Cira has tested its pattern discovery approach on other types of biological information besides proteomics data. In a white paper available through its website, Cira researchers discuss their analysis of the Gabriel et al. SNP data set used to prove the feasibility of the International Haplotype Map project in 2002 [BioInform 05-27-02]. The company said its approach was able to identify more than 115,000 patterns at a relatively low support level in just 21 seconds on a 2 GHz Pentium 4 with 1 Gbyte RAM.
The company is also working with its first industry collaborator — Infinity Pharmaceuticals — on a cheminformatics project, Rogers said. The partnership was initiated by Dennis Underwood, who chairs Cira’s scientific advisory board and is vice president of computational sciences and discovery informatics at Infinity.
Underwood, Rogers, and Cira co-founder Allan Moser worked together as bioinformatics researchers at DuPont Pharmaceuticals in Wilmington, Del. When Bristol-Myers Squibb bought DuPont Pharmaceuticals in 2001 and later decided to close down the Wilmington site, Rogers said, “I was offered a severance package that I couldn’t refuse, and it was the thing that gave me the opportunity to do something that I’ve been wanting to do for some time.” Ceding that there was a good amount of “stark terror” involved in the decision to launch a startup bioinformatics company in today’s economic climate, Rogers said he still believes that “the space we work in is underserved, and there is a big opportunity here to make an impact on healthcare.”
In addition to its seed funding from BioAdvance, Cira has additional support from an organization called Innovation Philadelphia that helps technology companies write federal grant applications.

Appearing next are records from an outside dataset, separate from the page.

(* Let $g\ge 3$, $m_g=2g+2$, $h_g=\binom{m_g}{2}$, and let $(k,r)\in\Gamma_\psi$. Then: (i) if $k$ has a marking of weight at least $g+1$, then $r$ is not GIT-semistable; (ii) if $\mathrm{supp}(k)$ is reducible and, for some irreducible component of $\mathrm{supp}(k)$, the set of markings of $k$ lying on smooth points of $\mathrm{supp}(k)$ on that component consists of exactly one marking, of weight $1$, then $r$ is not GIT-semistable; (iii) if $\mathrm{supp}(k)$ is integral and all markings of $k$ have weight $1$, then $r\in V$.
   Context: We work over $\mathbb{C}$. Let $\mathcal C\to\mathbb{P}^5\cong|\mathcal O_{\mathbb{P}^2}(2)|$ be the universal plane conic and, for $m\ge 2$, let $\mathrm{Sym}^m_{\mathbb{P}^5}\mathcal C$ be the quotient of the $m$-fold fibre product $\mathcal C\times_{\mathbb{P}^5}\dots\times_{\mathbb{P}^5}\mathcal C$ by the symmetric group $S_m$, with projection $\rho$ to $\mathbb{P}^5$. For $k\in\mathrm{Sym}^m_{\mathbb{P}^5}\mathcal C$, $\mathrm{supp}(k)$ is the plane conic parametrized by $\rho(k)$; the distinct points of $k$ (a multiset of $m$ points on $\mathrm{supp}(k)$) are its markings, and the weight of a marking is the number of times it appears in $k$. $k$ is called degenerate if $\mathrm{supp}(k)$ is not integral. Let $\mathbb P_{h}=\mathrm{Sym}^{h}(\mathbb{P}^2)^\vee$ be the space of configurations of $h$ plane lines (with multiplicities), with its natural $SL(3)$-action and linearization; $\mathbb P_h^{ss}$ denotes the GIT-semistable points. Fix $g\ge3$, $m_g=2g+2$, $h_g=\binom{m_g}{2}$, and define the rational map $\psi\colon\mathrm{Sym}^{m_g}_{\mathbb{P}^5}\mathcal C\dashrightarrow\mathbb P_{h_g}$ as follows: if $k$ has distinct markings $p_1,\dots,p_r$ with weights $m_1,\dots,m_r$, then $\psi(k)$ is the configuration consisting of the line $\overline{p_ip_j}$ (spanned by $p_i,p_j$) with multiplicity $m_im_j$ for each $1\le i<j\le r$, together with the tangent line $\mathbb T_{p_h}\mathrm{supp}(k)$ with multiplicity $\binom{m_h}{2}$ for each $h$ with $m_h>1$. Let $\Gamma_\psi\subset\mathrm{Sym}^{m_g}_{\mathbb{P}^5}\mathcal C\times\mathbb P_{h_g}$ be the closure of the graph of $\psi$ and $p\colon\Gamma_\psi\to\mathbb P_{h_g}$ the second projection. Let $V$ be the set of $r\in p(\Gamma_\psi)\cap\mathbb P_{h_g}^{ss}$ such that there is no degenerate $k$ with $(k,r)\in\Gamma_\psi$. (Hilbert–Mumford criterion: $r\in\mathbb P_{h}$ is GIT-semistable iff $\max_{x\in\mathbb{P}^2}\mu_x(r)\le 2h/3$ and $\max_{l}\mu_l(r)\le h/3$, where $\mu_x(r)$ is the number of lines of $r$ through $x$ counted with multiplicity and $\mu_l(r)$ is the multiplicity of the line $l$ in $r$.) *)

theory Defs
  imports "HOL-Analysis.Analysis"
begin

(* Points of P^2 and lines of (P^2)^dual are represented by nonzero vectors in complex^3;
   plane conics by nonzero symmetric 3x3 complex matrices (up to scalars).
   All predicates below are invariant under rescaling of representatives and
   reordering of lists. *)

definition bdot :: "complex^3 \<Rightarrow> complex^3 \<Rightarrow> complex" where
  "bdot x y = (\<Sum>i\<in>UNIV. x$i * y$i)"

definition qf :: "complex^3^3 \<Rightarrow> complex^3 \<Rightarrow> complex" where
  "qf A x = bdot x (A *v x)"

definition proj_eq :: "complex^3 \<Rightarrow> complex^3 \<Rightarrow> bool" where
  "proj_eq p q \<longleftrightarrow> (\<exists>c. c \<noteq> 0 \<and> q = c *s p)"

definition pcls :: "complex^3 \<Rightarrow> (complex^3) set" where
  "pcls v = {w. proj_eq v w}"

(* coordinates of the line spanned by two distinct points *)
definition cross3 :: "complex^3 \<Rightarrow> complex^3 \<Rightarrow> complex^3" where
  "cross3 p q = vector [p$2*q$3 - p$3*q$2, p$3*q$1 - p$1*q$3, p$1*q$2 - p$2*q$1]"

(* k = (A, ps) represents a point of Sym^m_{P^5} C *)
definition valid_k :: "nat \<Rightarrow> complex^3^3 \<Rightarrow> (complex^3) list \<Rightarrow> bool" where
  "valid_k m A ps \<longleftrightarrow> A \<noteq> 0 \<and> transpose A = A \<and> length ps = m \<and>
     (\<forall>p\<in>set ps. p \<noteq> 0 \<and> qf A p = 0)"

(* r = L represents a configuration of h lines *)
definition valid_r :: "nat \<Rightarrow> (complex^3) list \<Rightarrow> bool" where
  "valid_r h L \<longleftrightarrow> length L = h \<and> (\<forall>l\<in>set L. l \<noteq> 0)"

definition integral_conic :: "complex^3^3 \<Rightarrow> bool" where
  "integral_conic A \<longleftrightarrow> \<not> (\<exists>a b. \<forall>x. qf A x = bdot a x * bdot b x)"

definition line_pair :: "complex^3^3 \<Rightarrow> complex^3 \<Rightarrow> complex^3 \<Rightarrow> bool" where
  "line_pair A a b \<longleftrightarrow> a \<noteq> 0 \<and> b \<noteq> 0 \<and> \<not> proj_eq a b \<and>
     (\<forall>x. qf A x = bdot a x * bdot b x)"

definition reducible_conic :: "complex^3^3 \<Rightarrow> bool" where
  "reducible_conic A \<longleftrightarrow> (\<exists>a b. line_pair A a b)"

definition weight :: "(complex^3) list \<Rightarrow> complex^3 \<Rightarrow> nat" where
  "weight ps p = card {i. i < length ps \<and> proj_eq p (ps!i)}"

definition generic_k :: "complex^3^3 \<Rightarrow> (complex^3) list \<Rightarrow> bool" where
  "generic_k A ps \<longleftrightarrow> integral_conic A \<and>
     (\<forall>i<length ps. \<forall>j<length ps. i \<noteq> j \<longrightarrow> \<not> proj_eq (ps!i) (ps!j))"

(* L represents psi(k) for generic k: the lines p_i p_j, i<j, each with multiplicity 1 *)
definition psi_rep :: "(complex^3) list \<Rightarrow> (complex^3) list \<Rightarrow> bool" where
  "psi_rep ps L \<longleftrightarrow> mset (map pcls L) =
     mset [pcls (cross3 (ps!i) (ps!j)). i \<leftarrow> [0..<length ps], j \<leftarrow> [Suc i..<length ps]]"

(* (k, r) in the closure of the graph of psi (classical closure = Zariski closure over C) *)
definition Gamma_psi :: "nat \<Rightarrow> complex^3^3 \<Rightarrow> (complex^3) list \<Rightarrow> (complex^3) list \<Rightarrow> bool" where
  "Gamma_psi m A ps L \<longleftrightarrow> valid_k m A ps \<and> valid_r (m choose 2) L \<and>
     (\<exists>Qs Ps Ls. (\<forall>n. valid_k m (Qs n) (Ps n) \<and> generic_k (Qs n) (Ps n) \<and>
                       valid_r (m choose 2) (Ls n) \<and> psi_rep (Ps n) (Ls n)) \<and>
        Qs \<longlonglongrightarrow> A \<and>
        (\<forall>i<m. (\<lambda>n. Ps n ! i) \<longlonglongrightarrow> ps ! i) \<and>
        (\<forall>j<m choose 2. (\<lambda>n. Ls n ! j) \<longlonglongrightarrow> L ! j))"

definition mu_pt :: "(complex^3) list \<Rightarrow> complex^3 \<Rightarrow> nat" where
  "mu_pt L x = card {j. j < length L \<and> bdot (L!j) x = 0}"

definition mu_line :: "(complex^3) list \<Rightarrow> complex^3 \<Rightarrow> nat" where
  "mu_line L l = card {j. j < length L \<and> proj_eq l (L!j)}"

(* GIT semistability via the Hilbert-Mumford criterion *)
definition semistable :: "(complex^3) list \<Rightarrow> bool" where
  "semistable L \<longleftrightarrow>
     (\<forall>x. x \<noteq> 0 \<longrightarrow> 3 * mu_pt L x \<le> 2 * length L) \<and>
     (\<forall>l. l \<noteq> 0 \<longrightarrow> 3 * mu_line L l \<le> length L)"

definition in_V :: "nat \<Rightarrow> (complex^3) list \<Rightarrow> bool" where
  "in_V m L \<longleftrightarrow> (\<exists>A ps. Gamma_psi m A ps L) \<and> semistable L \<and>
     \<not> (\<exists>A ps. Gamma_psi m A ps L \<and> \<not> integral_conic A)"

end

The company was also awarded a scholarship that provides a portion of its office space in the University City Science Center Port — a technology incubator located near several Philadelphia research organizations and universities, including the Wistar Institute.
Rogers said that the company’s main short-term goal is to prove its technology through projects like the Wistar proteomics collaboration before seeking additional funding. “I think investors for the most part are interested in proven technology, so we intend to be at that stage by the end of the year,” he said.